Now the music in this film is the best so far for the great audiophile that Tarantino is. Of course there are some Ennio Morricone and Luis Bacalov western themes as expected, but the best music choices were the unexpected ones. At one point, Rick Ross comes on with the Jamie Foxx-produced “100 Black Coffins” and anyone can’t help but nod their head. Then comes the John Legend revenge-ballad, “Who Did That To You” that acts as a sort of blaxploitation theme for Django. This was also the first time Tarantino included original pop songs for use in his films.

Django Unchained is, by far, my favorite film of 2012. Currently it stands as my 2nd favorite Tarantino film, standing closely behind Inglourious Basterds. If you have not seen it yet, rush out and see it immediately. If you are easily offended by strong violence and liberal uses of the N-word, as Spike Lee was, or movies in which the black character is the hero then it is DEFINITELY not for you, and frankly I’m sorry to hear that because movies like this only come every so often, and only from the best filmmaker working today.

So, thanks to Jake for his review! If you have any thoughts you want to share, be sure to leave a comment. Thanks for reading!

5 thoughts on “Top 12 of 2012: “Django Unchained” (An Essay By Djake)

  1. I’m also looking forward to seeing this movie, but something tells me it won’t be making its way to the movie theater in San Ramon any time soon.
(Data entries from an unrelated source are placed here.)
(* Let $K\ge1$, $g_1,\dots,g_K$ probability densities on $\mathbb{R}^d$ (finite at the data points), and $x_1,\dots,x_N\in\mathbb{R}^d$. Suppose $(\pi_1,\dots,\pi_K)$ is an optimal solution of $$\max_{\pi'}\ \sum_{n=1}^N\log\Big(\sum_{k=1}^K\pi'_k g_k(x_n)\Big)\quad\text{s.t.}\quad \pi'_1,\dots,\pi'_K\ge0,\ \sum_{k=1}^K\pi'_k=1,$$ and that $f=\sum_k\pi_kg_k$ satisfies $0<f(x_n)<\infty$ for all $n$. Then $$0\le \mathrm{MC}(\{\pi_k,g_k\}_{k=1}^K;\{x_n\}_{n=1}^N)\le\log K.$$
   Context: For mixture weights $\pi_k\ge 0$ summing to one, densities $g_k$, $f=\sum_k \pi_k g_k$, and data $x_1,\dots,x_N$ with $0<f(x_n)<\infty$ for all $n$, the mixture complexity is $$\mathrm{MC}(\{\pi_k,g_k\}_{k=1}^K;\{x_n\}_{n=1}^N)=\frac1N\sum_{n=1}^N\sum_{k=1}^K\frac{\pi_k g_k(x_n)}{f(x_n)}\log\frac{g_k(x_n)}{f(x_n)},$$ with the convention that a term with $\pi_k g_k(x_n)=0$ equals $0$. *)

theory Defs
  imports "HOL-Analysis.Analysis"
begin

definition in_simplex :: "nat \<Rightarrow> (nat \<Rightarrow> real) \<Rightarrow> bool" where
  "in_simplex K p \<longleftrightarrow> (\<forall>k<K. p k \<ge> 0) \<and> (\<Sum>k<K. p k) = 1"

definition mixture :: "nat \<Rightarrow> (nat \<Rightarrow> real) \<Rightarrow> (nat \<Rightarrow> 'a \<Rightarrow> real) \<Rightarrow> 'a \<Rightarrow> real" where
  "mixture K p g x = (\<Sum>k<K. p k * g k x)"

definition prob_density :: "('a::euclidean_space \<Rightarrow> real) \<Rightarrow> bool" where
  "prob_density h \<longleftrightarrow> h \<in> borel_measurable lborel \<and> (\<forall>x. h x \<ge> 0)
     \<and> integrable lborel h \<and> integral\<^sup>L lborel h = 1"

definition loglik :: "nat \<Rightarrow> (nat \<Rightarrow> real) \<Rightarrow> (nat \<Rightarrow> 'a \<Rightarrow> real) \<Rightarrow> nat \<Rightarrow> (nat \<Rightarrow> 'a) \<Rightarrow> real" where
  "loglik K p g N x = (\<Sum>n<N. ln (mixture K p g (x n)))"

(* mixture complexity, with the convention that a term with p_k g_k(x_n) = 0 is 0 *)
definition MC :: "nat \<Rightarrow> (nat \<Rightarrow> real) \<Rightarrow> (nat \<Rightarrow> 'a \<Rightarrow> real) \<Rightarrow> nat \<Rightarrow> (nat \<Rightarrow> 'a) \<Rightarrow> real" where
  "MC K p g N x = (1 / real N) * (\<Sum>n<N. \<Sum>k<K.
      (if p k * g k (x n) = 0 then 0
       else (p k * g k (x n) / mixture K p g (x n)) * ln (g k (x n) / mixture K p g (x n))))"

end

theory Submission
  imports Defs
begin

(* Writing r_nk for the responsibility of component k for x_n, each summand of MC is
   r_nk ln (r_nk / p_k).  Since ln y \<ge> 1 - 1/y it is at least r_nk - p_k, and the
   sum over k of these lower bounds vanishes, so MC \<ge> 0.  Since r_nk \<le> 1 it is at most
   -r_nk ln p_k.  Optimality of p, tested along the segment towards the k-th vertex of
   the simplex, gives the first-order condition \<Sum>_n g_k(x_n)/f(x_n) \<le> N, and as the
   p-weighted average of these quantities equals N, equality holds wherever p_k > 0,
   i.e. \<Sum>_n r_nk = N p_k.  Hence N MC is at most N times the entropy of p, which is
   at most N ln K. *)

lemma entropy_le_ln_card:
  fixes p :: "'a \<Rightarrow> real"
  assumes "finite A" "A \<noteq> {}" "\<And>a. a \<in> A \<Longrightarrow> p a \<ge> 0" "sum p A = 1"
  shows "(\<Sum>a\<in>A. - p a * ln (p a)) \<le> ln (card A)"
proof -
  have card_pos: "real (card A) > 0"
    using assms(1,2) by (simp add: card_gt_0_iff)
  have "- p a * ln (p a) - p a * ln (card A) \<le> 1 / card A - p a" if "a \<in> A" for a
  proof (cases "p a = 0")
    case False
    with assms(3)[OF that] have "p a > 0" by simp
    then have "p a * (ln (1 / card A) - ln (p a)) \<le> p a * ((1 / card A - p a) / p a)"
      using card_pos by (intro mult_left_mono ln_diff_le) auto
    moreover have "p a * (ln (1 / card A) - ln (p a)) = - p a * ln (p a) - p a * ln (card A)"
      using card_pos by (simp add: ln_div algebra_simps)
    ultimately show ?thesis
      using \<open>p a > 0\<close> by simp
  qed (simp add: card_pos)
  then have "(\<Sum>a\<in>A. - p a * ln (p a) - p a * ln (card A)) \<le> (\<Sum>a\<in>A. 1 / card A - p a)"
    by (rule sum_mono)
  then show ?thesis
    using assms(4) card_pos by (simp add: sum_subtractf sum_distrib_right[symmetric])
qed

lemma sum_nonpos_if_sum_ln_one_plus_nonpos:
  fixes c :: "'a \<Rightarrow> real"
  assumes "finite A" and ge: "\<And>a. a \<in> A \<Longrightarrow> c a \<ge> -1"
    and ln_sum: "\<And>t. 0 < t \<Longrightarrow> t < 1 \<Longrightarrow> (\<Sum>a\<in>A. ln (1 + t * c a)) \<le> 0"
  shows "sum c A \<le> 0"
proof -
  have "(\<Sum>a\<in>A. c a / (1 + t * c a)) \<le> 0" if t: "0 < t" "t < 1" for t
  proof -
    have pos: "1 + t * c a > 0" if "a \<in> A" for a
      using mult_left_mono[OF ge[OF that], of t] t by simp
    have "t * c a / (1 + t * c a) \<le> ln (1 + t * c a)" if "a \<in> A" for a
    proof -
      have "ln 1 - ln (1 + t * c a) \<le> (1 - (1 + t * c a)) / (1 + t * c a)"
        using pos[OF that] by (intro ln_diff_le) auto
      then show ?thesis
        by simp
    qed
    then have "(\<Sum>a\<in>A. t * c a / (1 + t * c a)) \<le> (\<Sum>a\<in>A. ln (1 + t * c a))"
      by (rule sum_mono)
    also have "\<dots> \<le> 0"
      using ln_sum[OF t] .
    finally have "t * (\<Sum>a\<in>A. c a / (1 + t * c a)) \<le> 0"
      by (simp add: sum_distrib_left)
    then show ?thesis
      using t by (simp add: mult_le_0_iff)
  qed
  then have "eventually (\<lambda>t. (\<Sum>a\<in>A. c a / (1 + t * c a)) \<le> 0) (at_right (0::real))"
    unfolding eventually_at_right_field using zero_less_one by blast
  moreover have "((\<lambda>t. \<Sum>a\<in>A. c a / (1 + t * c a)) \<longlongrightarrow> (\<Sum>a\<in>A. c a / (1 + 0 * c a)))
      (at_right 0)"
    by (intro tendsto_intros) auto
  ultimately have "(\<Sum>a\<in>A. c a / (1 + 0 * c a)) \<le> 0"
    by (intro tendsto_upperbound) auto
  then show ?thesis
    by simp
qed

definition responsibility :: "nat \<Rightarrow> (nat \<Rightarrow> real) \<Rightarrow> (nat \<Rightarrow> 'a \<Rightarrow> real) \<Rightarrow> 'a \<Rightarrow> nat \<Rightarrow> real"
  where "responsibility K p g y k = p k * g k y / mixture K p g y"

definition mc_term :: "nat \<Rightarrow> (nat \<Rightarrow> real) \<Rightarrow> (nat \<Rightarrow> 'a \<Rightarrow> real) \<Rightarrow> 'a \<Rightarrow> nat \<Rightarrow> real"
  where "mc_term K p g y k =
    (if p k * g k y = 0 then 0 else responsibility K p g y k * ln (g k y / mixture K p g y))"

lemma MC_eq_sum_mc_term: "MC K p g N x = 1 / real N * (\<Sum>n<N. \<Sum>k<K. mc_term K p g (x n) k)"
  unfolding MC_def mc_term_def responsibility_def ..

lemma sum_responsibility:
  "mixture K p g y > 0 \<Longrightarrow> (\<Sum>k<K. responsibility K p g y k) = 1"
  by (simp add: responsibility_def mixture_def sum_divide_distrib[symmetric])

lemma responsibility_le_one:
  assumes "\<And>j. j < K \<Longrightarrow> p j \<ge> 0 \<and> g j y \<ge> 0" "k < K" "mixture K p g y > 0"
  shows "responsibility K p g y k \<le> 1"
proof -
  have "p k * g k y \<le> mixture K p g y"
    unfolding mixture_def using assms(1,2) by (intro member_le_sum) auto
  then show ?thesis
    using assms(3) by (simp add: responsibility_def)
qed

lemma mc_term_ge:
  assumes "p k \<ge> 0" "g k y \<ge> 0" "mixture K p g y > 0"
  shows "responsibility K p g y k - p k \<le> mc_term K p g y k"
proof (cases "p k * g k y = 0")
  case True
  then show ?thesis
    using assms(1) by (auto simp: mc_term_def responsibility_def)
next
  case False
  define f where "f = mixture K p g y"
  define r where "r = responsibility K p g y k"
  have pos: "p k > 0" "g k y > 0" "f > 0"
    using False assms by (auto simp: f_def less_le)
  have r_eq: "r = p k * g k y / f"
    by (simp add: r_def f_def responsibility_def)
  have "ln f - ln (g k y) \<le> (f - g k y) / g k y"
    using pos by (intro ln_diff_le) auto
  then have "(g k y - f) / g k y \<le> ln (g k y) - ln f"
    by (simp add: diff_divide_distrib)
  then have "r * ((g k y - f) / g k y) \<le> r * (ln (g k y) - ln f)"
    using pos by (intro mult_left_mono) (auto simp: r_eq)
  moreover have "r * ((g k y - f) / g k y) = r - p k"
    using pos by (simp add: r_eq field_simps)
  moreover have "mc_term K p g y k = r * (ln (g k y) - ln f)"
    using False pos by (simp add: mc_term_def r_def f_def ln_divide_pos)
  ultimately show ?thesis
    by (simp add: r_def)
qed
    And I’m pretty sure your question was directed at Jake, but for the record I have seen Sukiyaki Western Django, and I thought it was so bad it almost made me angry. Maybe it’s got some kind of secret film-lover code enmeshed into it, but I just thought it was awful.

    What was your take on it–was I missing something?

  2. I, too saw Sukiyaki Western Django and I felt the way Ryan did. The opening scene with Tarantino is kind of fun (if only to see him act horribly as he does in every film he’s in) but the rest was pretty bad. It bothered me that Takashi Miike made the actors learn English phonetically and made them sound like mentally challenged children. Miike makes so many movies that its understandable a few are bad so I can’t hold too much against him. I’m curious too, Paul, did you enjoy it? I’ve actually been interested in giving it another try some I’m interested in hearing our opinion. For another example of an Asian spaghetti western, has anyone seen the Korean film The Good, the Bad and the Weird? I thought it was brilliant and had some fantastic action sequences.